Risk-Adjusted Performance

3 of 100

 
Weak
 
Strong
Insignificant
Compared to the overall equity markets, risk-adjusted returns on investments in Fuji Electric Co are ranked lower than 3 (%) of all global equities and portfolios over the last 90 days. In spite of fairly strong basic indicators, Fuji Electric is not utilizing all of its potentials. The current stock price disturbance, may contribute to short-term losses for the investors.

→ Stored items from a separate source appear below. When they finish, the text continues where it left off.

(* Let $n\ge 1$. Then $\mathrm{tr}^f_n\big(f(x_n)\big)=0$ in $\mathrm{QWA}^f_{n-1}(A;z)$, where $f(x_n):=\sum_{i=0}^{l} f_i^{(n)}x_n^{\,l-i}\in\mathrm{QWA}^f_n(A;z)$.
   Context: Let $\Bbbk$ be a commutative ring, $z,t\in\Bbbk^\times$, and $A$ a symmetric Frobenius superalgebra over $\Bbbk$ with even trace $\mathrm{tr}$ (so $\mathrm{tr}(ab)=(-1)^{\bar a\bar b}\mathrm{tr}(ba)$), homogeneous basis $B_A$ and dual basis $\{b^\vee\}$ with $\mathrm{tr}(b^\vee c)=\delta_{b,c}$. Tensor factors of $A^{\otimes n}$ are numbered from right to left; for $a\in A$, $a^{(i)}:=1^{\otimes(n-i)}\otimes a\otimes 1^{\otimes(i-1)}$, and $\tau_i:=1^{\otimes(n-i-1)}\otimes\big(\sum_{b\in B_A}b\otimes b^\vee\big)\otimes1^{\otimes(i-1)}$. The quantum affine wreath product algebra $\mathrm{QAWA}_n(A;z)$ is the superalgebra generated by $A^{\otimes n}$, even invertible commuting $x_1,\dots,x_n$ and even $\sigma_1,\dots,\sigma_{n-1}$, subject to: $\sigma_i\sigma_j=\sigma_j\sigma_i$ for $|i-j|>1$; $\sigma_i\sigma_{i+1}\sigma_i=\sigma_{i+1}\sigma_i\sigma_{i+1}$; $\sigma_i^2=z\tau_i\sigma_i+1$; $\sigma_i\mathbf a=s_i(\mathbf a)\sigma_i$ for $\mathbf a\in A^{\otimes n}$ ($s_i$ superpermutes factors $i,i+1$); $\sigma_ix_j=x_j\sigma_i$ for $j\ne i,i+1$; $\sigma_ix_i\sigma_i=x_{i+1}$; $x_i\mathbf a=\mathbf a x_i$. Fix $f(w)=f_0w^l+f_1w^{l-1}+\dots+f_l\in Z(A)_{\bar 0}[w]$ ($Z(A)_{\bar0}$ the even part of the supercenter) with $f_0=1$ and $f_l=t^2$. For $l\ge1$, the quantum cyclotomic wreath product algebra $\mathrm{QWA}^f_n(A;z)$ is the quotient of $\mathrm{QAWA}_n(A;z)$ by the two-sided ideal generated by $f(x_1)=\sum_i f_i^{(1)}x_1^{l-i}$; $\mathrm{QWA}^f_0:=\Bbbk$; if $l=0$ then $\mathrm{QWA}_n^f:=0$ for $n>0$. It is known that $\mathrm{QWA}^f_n$ embeds in $\mathrm{QWA}^f_{n+1}$ via $x_i\mapsto x_i$, $\sigma_j\mapsto\sigma_j$, $\mathbf a\mapsto 1\otimes\mathbf a$, and that there is a unique $(\mathrm{QWA}^f_n,\mathrm{QWA}^f_n)$-bimodule homomorphism $\mathrm{tr}^f_{n+1}:\mathrm{QWA}^f_{n+1}\to\mathrm{QWA}^f_n$ with $\mathrm{tr}^f_{n+1}(\sigma_n)=0$ and $\mathrm{tr}^f_{n+1}(a^{(n+1)}x_{n+1}^r)=\delta_{r,0}\mathrm{tr}(a)$ for $a\in A$, $0\le r<l$. *)

theory Defs
  imports Main "HOL-Library.Poly_Mapping"
begin

datatype 'g word = Word "'g list"

fun word_letters :: "'g word \<Rightarrow> 'g list" where
  "word_letters (Word xs) = xs"

instantiation word :: (type) monoid_add
begin
definition zero_word :: "'g word" where "zero_word = Word []"
fun plus_word :: "'g word \<Rightarrow> 'g word \<Rightarrow> 'g word" where
  "plus_word (Word xs) (Word ys) = Word (xs @ ys)"
instance
proof
  fix a b c :: "'g word"
  show "a + b + c = a + (b + c)" by (cases a; cases b; cases c) simp
  show "0 + a = a" by (cases a) (simp add: zero_word_def)
  show "a + 0 = a" by (cases a) (simp add: zero_word_def)
qed
end

text \<open>The free associative \<open>'k\<close>-algebra on the alphabet \<open>'g\<close>: finitely supported
  functions from words to coefficients, with convolution product (a ring_1 instance
  of the Poly_Mapping library).\<close>
type_synonym ('g, 'k) freealg = "'g word \<Rightarrow>\<^sub>0 'k"

definition fgen :: "'g \<Rightarrow> ('g, 'k::ring_1) freealg" where
  "fgen g = Poly_Mapping.single (Word [g]) 1"

definition fscal :: "'k \<Rightarrow> ('g, 'k::ring_1) freealg" where
  "fscal c = Poly_Mapping.single 0 c"

definition fsub :: "('g \<Rightarrow> bool) \<Rightarrow> ('g, 'k::ring_1) freealg set" where
  "fsub P = {p. \<forall>w\<in>Poly_Mapping.keys p. \<forall>g\<in>set (word_letters w). P g}"

inductive_set ideal_gen :: "('g, 'k::ring_1) freealg set \<Rightarrow> ('g, 'k) freealg set
    \<Rightarrow> ('g, 'k) freealg set" for V R where
  gen: "r \<in> R \<Longrightarrow> r \<in> ideal_gen V R"
| zero: "0 \<in> ideal_gen V R"
| add: "p \<in> ideal_gen V R \<Longrightarrow> q \<in> ideal_gen V R \<Longrightarrow> p + q \<in> ideal_gen V R"
| mult: "u \<in> V \<Longrightarrow> v \<in> V \<Longrightarrow> p \<in> ideal_gen V R \<Longrightarrow> u * p * v \<in> ideal_gen V R"

text \<open>\<open>A\<close> is a ring (type \<open>'a\<close>) which is a \<open>'k\<close>-algebra via \<open>sc\<close>, with even part \<open>A0\<close>,
  odd part \<open>A1\<close>, even symmetric trace \<open>tr\<close>, finite homogeneous basis \<open>B\<close> (as a
  \<open>'k\<close>-module) and dual basis \<open>dual\<close> (\<open>tr (dual b * c) = \<delta>_{b,c}\<close>).\<close>

definition sgn_par :: "'a set \<Rightarrow> 'a \<Rightarrow> 'a \<Rightarrow> 'k::ring_1" where
  "sgn_par A1 a b = (if a \<in> A1 \<and> b \<in> A1 then -1 else 1)"

definition sym_frob_superalg ::
  "('k::comm_ring_1 \<Rightarrow> 'a::ring_1 \<Rightarrow> 'a) \<Rightarrow> 'a set \<Rightarrow> 'a set \<Rightarrow> ('a \<Rightarrow> 'k) \<Rightarrow> 'a set
     \<Rightarrow> ('a \<Rightarrow> 'a) \<Rightarrow> bool" where
  "sym_frob_superalg sc A0 A1 tr B dual \<longleftrightarrow>
     \<comment> \<open>\<open>'k\<close>-algebra structure\<close>
     (\<forall>c a b. sc c (a + b) = sc c a + sc c b) \<and>
     (\<forall>c d a. sc (c + d) a = sc c a + sc d a) \<and>
     (\<forall>c d a. sc (c * d) a = sc c (sc d a)) \<and>
     (\<forall>a. sc 1 a = a) \<and>
     (\<forall>c a b. sc c (a * b) = sc c a * b \<and> sc c (a * b) = a * sc c b) \<and>
     \<comment> \<open>super grading\<close>
     (\<forall>i\<in>{A0, A1}. 0 \<in> i \<and> (\<forall>a\<in>i. \<forall>b\<in>i. a + b \<in> i) \<and> (\<forall>c. \<forall>a\<in>i. sc c a \<in> i)) \<and>
     (\<forall>a. \<exists>a0\<in>A0. \<exists>a1\<in>A1. a = a0 + a1) \<and> A0 \<inter> A1 = {0} \<and>
     1 \<in> A0 \<and>
     (\<forall>a\<in>A0. \<forall>b\<in>A0. a * b \<in> A0) \<and> (\<forall>a\<in>A0. \<forall>b\<in>A1. a * b \<in> A1) \<and>
     (\<forall>a\<in>A1. \<forall>b\<in>A0. a * b \<in> A1) \<and> (\<forall>a\<in>A1. \<forall>b\<in>A1. a * b \<in> A0) \<and>
     \<comment> \<open>even symmetric \<open>'k\<close>-linear trace\<close>
     (\<forall>a b. tr (a + b) = tr a + tr b) \<and> (\<forall>c a. tr (sc c a) = c * tr a) \<and>
     (\<forall>a\<in>A1. tr a = 0) \<and>
     (\<forall>a\<in>A0 \<union> A1. \<forall>b\<in>A0 \<union> A1. tr (a * b) = sgn_par A1 a b * tr (b * a)) \<and>
     \<comment> \<open>finite homogeneous basis of the \<open>'k\<close>-module \<open>A\<close>\<close>
     finite B \<and> B \<subseteq> A0 \<union> A1 \<and>
     (\<forall>a. \<exists>c. a = (\<Sum>b\<in>B. sc (c b) b)) \<and>
     (\<forall>c. (\<Sum>b\<in>B. sc (c b) b) = 0 \<longrightarrow> (\<forall>b\<in>B. c b = 0)) \<and>
     \<comment> \<open>dual basis\<close>
     (\<forall>b\<in>B. \<forall>c\<in>B. tr (dual b * c) = (if b = c then 1 else 0))"
lemma cyclic_submodule_add:
  assumes "x \<in> cyclic_submodule T w0" and "y \<in> cyclic_submodule T w0"
  shows "x + y \<in> cyclic_submodule T w0"
proof -
  obtain c M where x: "x = (\<Sum>i<M. zsmult (c i) ((T ^^ i) w0))"
    using assms(1) unfolding cyclic_submodule_def by blast
  obtain c' M' where y: "y = (\<Sum>i<M'. zsmult (c' i) ((T ^^ i) w0))"
    using assms(2) unfolding cyclic_submodule_def by blast
  define N where "N = max M M'"
  have pad: "(\<Sum>i<L. zsmult (a i) ((T ^^ i) w0)) =
      (\<Sum>i<N. zsmult (if i < L then a i else 0) ((T ^^ i) w0))" if "L \<le> N" for a L
    using that by (intro sum.mono_neutral_cong_left) auto
  have "x + y = (\<Sum>i<N. zsmult ((if i < M then c i else 0) + (if i < M' then c' i else 0)) ((T ^^ i) w0))"
    unfolding x y pad[of M c, OF max.cobounded1[of M M', folded N_def]]
      pad[of M' c', OF max.cobounded2[of M' M, folded N_def]]
    by (simp add: zsmult_add_left sum.distrib)
  then show ?thesis
    by (rule cyclic_submoduleI)
qed

lemma cyclic_submodule_zsmult:
  assumes "x \<in> cyclic_submodule T w0"
  shows "zsmult k x \<in> cyclic_submodule T w0"
proof -
  from assms obtain c M where "x = (\<Sum>i<M. zsmult (c i) ((T ^^ i) w0))"
    unfolding cyclic_submodule_def by blast
  then have "zsmult k x = (\<Sum>i<M. zsmult (k * c i) ((T ^^ i) w0))"
    by (simp add: zsmult_right.sum zsmult_mult)
  then show ?thesis
    by (rule cyclic_submoduleI)
qed

lemma cyclic_submodule_diff:
  assumes "x \<in> cyclic_submodule T w0" and "y \<in> cyclic_submodule T w0"
  shows "x - y \<in> cyclic_submodule T w0"
  using cyclic_submodule_add[OF assms(1) cyclic_submodule_zsmult[OF assms(2), of "-1"]]
  by (simp add: zsmult_minus_left)

lemma cyclic_submodule_funpow:
  assumes T: "additive T" and "x \<in> cyclic_submodule T w0"
  shows "(T ^^ n) x \<in> cyclic_submodule T w0"
proof -
  from assms obtain c M where "x = (\<Sum>i<M. zsmult (c i) ((T ^^ i) w0))"
    unfolding cyclic_submodule_def by blast
  then have "(T ^^ n) x = (\<Sum>i<M. zsmult (c i) ((T ^^ (n + i)) w0))"
    by (simp add: additive.sum[OF additive_funpow[OF T]] additive.zsmult[OF additive_funpow[OF T]]
        funpow_add)
  also have "\<dots> = (\<Sum>i<n + M. zsmult (if n \<le> i then c (i - n) else 0) ((T ^^ i) w0))"
  proof -
    have "(\<Sum>i<n + M. zsmult (if n \<le> i then c (i - n) else 0) ((T ^^ i) w0)) =
        (\<Sum>i\<in>{n..<n + M}. zsmult (c (i - n)) ((T ^^ i) w0))"
      by (intro sum.mono_neutral_cong_right) auto
    also have "\<dots> = (\<Sum>i<M. zsmult (c i) ((T ^^ (n + i)) w0))"
      using sum.shift_bounds_nat_ivl[of "\<lambda>i. zsmult (c (i - n)) ((T ^^ i) w0)" 0 n M]
      by (simp add: add.commute lessThan_atLeast0)
    finally show ?thesis ..
  qed
  finally show ?thesis
    by (rule cyclic_submoduleI)
qed

lemma internal_direct_sum_componentwise:
  assumes ds: "internal_direct_sum Wk" and A: "additive A" and B: "additive B"
    and closed: "\<And>k x x'. x \<in> Wk k \<Longrightarrow> x' \<in> Wk k \<Longrightarrow> A x - B x' \<in> Wk k"
    and rel: "A y = B z"
  obtains fz where "finite {k. fz k \<noteq> 0}" and "\<And>k. fz k \<in> Wk k"
    and "z = sum fz {k. fz k \<noteq> 0}" and "\<And>k. \<exists>y'\<in>Wk k. A y' = B (fz k)"
proof -
  have decompose: "\<exists>f. finite {k. f k \<noteq> 0} \<and> (\<forall>k. f k \<in> Wk k) \<and> w = sum f {k. f k \<noteq> 0}" for w
    using ds unfolding internal_direct_sum_def by blast
  have unique: "f k = 0" if "sum f {k. f k \<noteq> 0} = 0" "finite {k. f k \<noteq> 0}" "\<And>k. f k \<in> Wk k" for f k
    using ds that unfolding internal_direct_sum_def by blast
  obtain fy where fy: "finite {k. fy k \<noteq> 0}" "\<And>k. fy k \<in> Wk k" "y = sum fy {k. fy k \<noteq> 0}"
    using decompose by blast
  obtain fz where fz: "finite {k. fz k \<noteq> 0}" "\<And>k. fz k \<in> Wk k" "z = sum fz {k. fz k \<noteq> 0}"
    using decompose by blast
  define F where "F = {k. fy k \<noteq> 0} \<union> {k. fz k \<noteq> 0}"
  define g where "g k = A (fy k) - B (fz k)" for k
  have "finite F" using fy fz by (simp add: F_def)
  have "y = sum fy F" and "z = sum fz F"
    unfolding fy(3) fz(3) using \<open>finite F\<close>
    by (intro sum.mono_neutral_left; force simp: F_def)+
  then have "sum g F = 0"
    using rel by (simp add: g_def sum_subtractf additive.sum[OF A] additive.sum[OF B])
  moreover have support: "{k. g k \<noteq> 0} \<subseteq> F"
    by (auto simp: g_def F_def additive.zero[OF A] additive.zero[OF B])
  moreover have "sum g {k. g k \<noteq> 0} = sum g F"
    by (rule sum.mono_neutral_left[OF \<open>finite F\<close> support]) auto
  ultimately have "sum g {k. g k \<noteq> 0} = 0"
    by simp
  moreover have "finite {k. g k \<noteq> 0}"
    using support \<open>finite F\<close> by (rule finite_subset)
  moreover have "g k \<in> Wk k" for k
    unfolding g_def using closed fy(2) fz(2) .
  ultimately have "g k = 0" for k
    by (rule unique)
  then have "\<exists>y'\<in>Wk k. A y' = B (fz k)" for k
    using fy(2) unfolding g_def by (metis eq_iff_diff_eq_0)
  with fz show ?thesis
    by (rule that)
qed

theorem corollary4p3:
  fixes p n m h :: nat
    and T :: "'a::ab_group_add \<Rightarrow> 'a"
    and Wk :: "'k \<Rightarrow> 'a set"
  assumes "prime p"
    and "m \<ge> 2"
    and "h \<le> n"
    and "RmH_module p m h T"
    and "internal_direct_sum Wk"
    and "\<forall>k. \<exists>w0. Wk k = cyclic_submodule T w0"
    and "\<forall>k. \<exists>s\<le>h. free_quotient_module p m s T (Wk k)"
  shows "\<not> propP p m T"
proof
  assume "propP p m T"
  then obtain s y z where "z \<notin> diff_p_span T p s"
    and rel: "(T ^^ (p ^ s)) y - y = zsmult (int p ^ (m - 1)) z"
    by (rule propPE)
  have T: "additive T"
    using assms(4) by (rule RmH_module_additive)
  \<comment> \<open>Cyclicity of the summands is used only to know that they are submodules.\<close>
  have closed: "(T ^^ (p ^ s)) x - x - zsmult (int p ^ (m - 1)) x' \<in> Wk k"
    if "x \<in> Wk k" "x' \<in> Wk k" for x x' k
    using assms(6) that cyclic_submodule_diff cyclic_submodule_funpow[OF T] cyclic_submodule_zsmult
    by metis
  obtain fz where "\<And>k. fz k \<in> Wk k" and "z = sum fz {k. fz k \<noteq> 0}"
    and "\<And>k. \<exists>y'\<in>Wk k. (T ^^ (p ^ s)) y' - y' = zsmult (int p ^ (m - 1)) (fz k)"
    using internal_direct_sum_componentwise[OF assms(5) additive_minus_id[OF additive_funpow[OF T]]
        additive_zsmult closed rel]
    by blast
  have "fz k \<in> diff_p_span T p s" for k
  proof -
    obtain t where "free_quotient_module p m t T (Wk k)"
      using assms(7) by blast
    moreover obtain y' where "y' \<in> Wk k" "(T ^^ (p ^ s)) y' - y' = zsmult (int p ^ (m - 1)) (fz k)"
      using \<open>\<And>k. \<exists>y'\<in>Wk k. _\<close> by blast
    moreover have "1 < p" "1 \<le> m"
      using prime_gt_1_nat[OF assms(1)] assms(2) by simp_all
    ultimately show ?thesis
      using \<open>fz k \<in> Wk k\<close> free_quotient_module_relation_in_diff_p_span[OF T] by blast
  qed
  then have "z \<in> diff_p_span T p s"
    unfolding \<open>z = _\<close> by (intro sum_in_diff_p_span[OF T])
  with \<open>z \<notin> diff_p_span T p s\<close> show False ..
qed

end
lemma sigma_le: "sigma x \<le> 2.5"
proof -
  obtain m s t where "0 \<le> s" "0 < t"
    and sigma: "sigma x = ((\<Sum>k<m. gauss (s + real k)) + (\<Sum>k. gauss (t + real k))) / sqrt 2"
    by (rule sigma_eq_gauss_sums)
  have "(\<Sum>k<m. gauss (s + real k)) \<le> (\<Sum>k. gauss (s + real k))"
    using gauss_shifted_lattice_sum(1)[OF \<open>0 \<le> s\<close>]
    by (intro sum_le_suminf) (auto simp: gauss_pos less_imp_le)
  then have "(\<Sum>k<m. gauss (s + real k)) + (\<Sum>k. gauss (t + real k)) \<le> 2 * 1.7575"
    using gauss_shifted_lattice_sum(2)[OF \<open>0 \<le> s\<close>] gauss_shifted_lattice_sum(2)[of t] \<open>0 < t\<close>
    by simp
  also have "\<dots> \<le> 2.5 * sqrt 2"
    using sqrt_2_ge by simp
  finally show ?thesis by (simp add: sigma divide_le_eq)
qed

lemma phi_shift_has_derivative:
  "((\<lambda>y. phi (y - c)) has_real_derivative - ((y - c) * phi (y - c))) (at y within S)"
proof -
  have "((\<lambda>y. gauss (y - c) / sqrt 2) has_real_derivative - ((y - c) * gauss (y - c)) * 1 / sqrt 2)
      (at y within S)"
    by (intro DERIV_cdivide DERIV_chain2[OF gauss_has_derivative] derivative_eq_intros) auto
  then show ?thesis by (simp add: phi_eq_gauss)
qed

lemma abs_mult_phi_le: "\<bar>y * phi y\<bar> \<le> \<bar>y\<bar> * gauss \<bar>y\<bar>"
proof -
  have "\<bar>y * phi y\<bar> = \<bar>y\<bar> * gauss \<bar>y\<bar> / sqrt 2"
    by (simp add: phi_eq_gauss abs_mult gauss_def)
  also have "\<dots> \<le> \<bar>y\<bar> * gauss \<bar>y\<bar>"
    by (rule divide_sqrt_2_le) (simp add: gauss_pos less_imp_le)
  finally show ?thesis .
qed

definition sigma_deriv :: "real \<Rightarrow> real" where
  "sigma_deriv x = (\<Sum>n. - ((x - real (Suc n)) * phi (x - real (Suc n))))"

lemma sigma_has_derivative: "(sigma has_real_derivative sigma_deriv x) (at x)"
proof -
  let ?S = "{x - 1..x + 1}"
  define N where "N = nat \<lceil>x\<rceil> + 1"
  have "x + 1 \<le> real N" unfolding N_def by linarith
  have "summable (\<lambda>n. (real N - x + real n) * gauss (real N - x + real n))"
    using \<open>x + 1 \<le> real N\<close> by (intro mult_gauss_shifted_lattice_sum(1)) simp
  then have summable_majorant: "summable (\<lambda>n. (real n - x) * gauss (real n - x))"
    using summable_iff_shift[of "\<lambda>n. (real n - x) * gauss (real n - x)" N]
    by (simp add: algebra_simps)
  have majorant:
    "norm (- ((y - real (Suc n)) * phi (y - real (Suc n)))) \<le> (real n - x) * gauss (real n - x)"
    if "N \<le> n" "y \<in> ?S" for n y
  proof -
    have "1 \<le> real n - x" using that \<open>x + 1 \<le> real N\<close> by simp
    moreover have "real n - x \<le> real (Suc n) - y" using that by simp
    ultimately show ?thesis
      using order_trans[OF abs_mult_phi_le mult_gauss_antimono] by simp
  qed
  have "uniformly_convergent_on ?S (\<lambda>n y. \<Sum>i<n. - ((y - real (Suc i)) * phi (y - real (Suc i))))"
    by (intro Weierstrass_m_test'_ev[OF _ summable_majorant] eventually_sequentiallyI[of N]
        ballI majorant)
  moreover have "summable (\<lambda>n. phi (x - real (Suc n)))"
    by (rule shifted_series_split_at_floor[OF summable_phi_neg])
  ultimately have "((\<lambda>x. \<Sum>n. phi (x - real (Suc n))) has_real_derivative
      (\<Sum>n. - ((x - real (Suc n)) * phi (x - real (Suc n))))) (at x)"
    by (intro has_field_derivative_series'(2)[of ?S _ _ x] phi_shift_has_derivative) auto
  then show ?thesis by (simp add: sigma_def[abs_def] sigma_deriv_def)
qed

lemma abs_sigma_deriv_le: "\<bar>sigma_deriv x\<bar> \<le> 1"
proof -
  have neg_terms: "- (- y * phi (- y)) = y * gauss y / sqrt 2" for y
    by (simp add: phi_eq_gauss gauss_minus)
  have "summable (\<lambda>k. - (- (t + real k) * phi (- (t + real k))))" if "0 < t" for t
    unfolding neg_terms using mult_gauss_shifted_lattice_sum(1)[of t] that
    by (simp add: summable_divide)
  then obtain m s t where "0 \<le> s" "0 < t" and split:
    "sigma_deriv x = (\<Sum>k<m. - ((s + real k) * phi (s + real k)))
      + (\<Sum>k. - (- (t + real k) * phi (- (t + real k))))"
    unfolding sigma_deriv_def by (rule shifted_series_split_at_floor)
  define P where "P = (\<Sum>k<m. (s + real k) * gauss (s + real k))"
  define Q where "Q = (\<Sum>k. (t + real k) * gauss (t + real k))"
  have "(\<Sum>k. - (- (t + real k) * phi (- (t + real k)))) = Q / sqrt 2"
    unfolding Q_def neg_terms using mult_gauss_shifted_lattice_sum(1)[of t] \<open>0 < t\<close>
    by (simp add: suminf_divide)
  moreover have "(\<Sum>k<m. - ((s + real k) * phi (s + real k))) = - P / sqrt 2"
    unfolding P_def phi_eq_gauss by (simp add: sum_divide_distrib sum_negf)
  ultimately have derivative: "sigma_deriv x = (Q - P) / sqrt 2"
    unfolding split by (simp add: diff_divide_distrib)
  have "P \<le> (\<Sum>k. (s + real k) * gauss (s + real k))"
    unfolding P_def using mult_gauss_shifted_lattice_sum(1)[OF \<open>0 \<le> s\<close>] \<open>0 \<le> s\<close>
    by (intro sum_le_suminf) (auto simp: gauss_pos less_imp_le)
  then have "P \<le> 1.41" using mult_gauss_shifted_lattice_sum(2)[OF \<open>0 \<le> s\<close>] by simp
  moreover have "0 \<le> P"
    unfolding P_def using \<open>0 \<le> s\<close> by (intro sum_nonneg) (simp add: gauss_pos less_imp_le)
  moreover have "Q \<le> 1.41" "0 \<le> Q"
    unfolding Q_def using mult_gauss_shifted_lattice_sum[of t] \<open>0 < t\<close>
    by (auto intro!: suminf_nonneg simp: gauss_pos less_imp_le)
  ultimately have "\<bar>Q - P\<bar> \<le> sqrt 2" using sqrt_2_ge by linarith
  then show ?thesis by (simp add: derivative)
qed

lemma sigma_lipschitz: "1-lipschitz_on UNIV sigma"
proof (rule lipschitz_onI)
  show "dist (sigma x) (sigma y) \<le> 1 * dist x y" for x y
    unfolding dist_norm
  proof (rule field_differentiable_bound[OF convex_UNIV])
    show "(sigma has_field_derivative sigma_deriv z) (at z within UNIV)" for z
      by (simp add: sigma_has_derivative)
    show "norm (sigma_deriv z) \<le> 1" for z
      by (simp add: abs_sigma_deriv_le)
  qed auto
qed simp

lemma sigma_le_gauss:
  assumes "x \<le> 0"
  shows "sigma x \<le> 2 * gauss (1 - x)"
proof -
  have terms: "phi (x - real (Suc k)) = gauss (1 - x + real k) / sqrt 2" for k
    using gauss_minus[of "1 - x + real k"] by (simp add: phi_eq_gauss algebra_simps)
  have bound: "gauss (1 - x + real k) / sqrt 2 \<le> gauss (1 - x) * gauss (real k)" for k
    by (rule order_trans[OF divide_sqrt_2_le gauss_add_le_mult])
      (use assms gauss_pos in \<open>auto simp: less_imp_le\<close>)
  have "sigma x = (\<Sum>k. gauss (1 - x + real k) / sqrt 2)"
    unfolding sigma_def terms ..
  also have "\<dots> \<le> (\<Sum>k. gauss (1 - x) * gauss (real k))"
    using bound gauss_shifted_lattice_sum(1)[of "1 - x"] gauss_lattice_sum(1) assms
    by (intro suminf_le summable_divide summable_mult) auto
  also have "\<dots> = gauss (1 - x) * (\<Sum>k. gauss (real k))"
    using gauss_lattice_sum(1) by (rule suminf_mult)
  also have "\<dots> \<le> gauss (1 - x) * 2"
    using gauss_lattice_sum(2) gauss_pos[of "1 - x"] by (intro mult_left_mono) auto
  finally show ?thesis by simp
qed

lemma sigma_tendsto_at_bot: "(sigma \<longlongrightarrow> 0) at_bot"
proof (rule tendsto_sandwich)
  show "eventually (\<lambda>x. 0 \<le> sigma x) at_bot" by (simp add: sigma_nonneg)
  show "eventually (\<lambda>x. sigma x \<le> 2 * gauss (1 - x)) at_bot"
    using sigma_le_gauss by (auto simp: eventually_at_bot_linorder)
  show "((\<lambda>x. 2 * gauss (1 - x)) \<longlongrightarrow> 0) at_bot"
    unfolding gauss_def by real_asymp
qed simp

theorem lemma1:
  shows "1-lipschitz_on UNIV sigma \<and> (\<forall>x. 0 \<le> sigma x) \<and> (\<forall>x. sigma x \<le> 2.5)
         \<and> (sigma \<longlongrightarrow> 0) at_bot"
  using sigma_lipschitz sigma_nonneg sigma_le sigma_tendsto_at_bot by blast

end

GM and Fuji Electric Volatility Contrast

   Predicted Return Density   
       Returns  

Pair Trading with GM and Fuji Electric

The main advantage of trading using opposite GM and Fuji Electric positions is that it hedges away some unsystematic risk. Because of two separate transactions, even if GM position performs unexpectedly, Fuji Electric can make up some of the losses. Pair trading also minimizes risk from directional movements in the market. For example, if an entire industry or sector drops because of unexpected headlines, the short position in Fuji Electric will offset losses from the drop in Fuji Electric's long position.
The idea behind General Motors and Fuji Electric Co pairs trading is to make the combined position market-neutral, meaning the overall market's direction will not affect its win or loss (or potential downside or upside). This can be achieved by designing a pairs trade with two highly correlated stocks or equities that operate in a similar space or sector, making it possible to obtain profits through simple and relatively low-risk investment.
Check out your portfolio center.
Note that this page's information should be used as a complementary analysis to find the right mix of equity instruments to add to your existing portfolios or create a brand new portfolio. You can also try the Economic Indicators module to top statistical indicators that provide insights into how an economy is performing.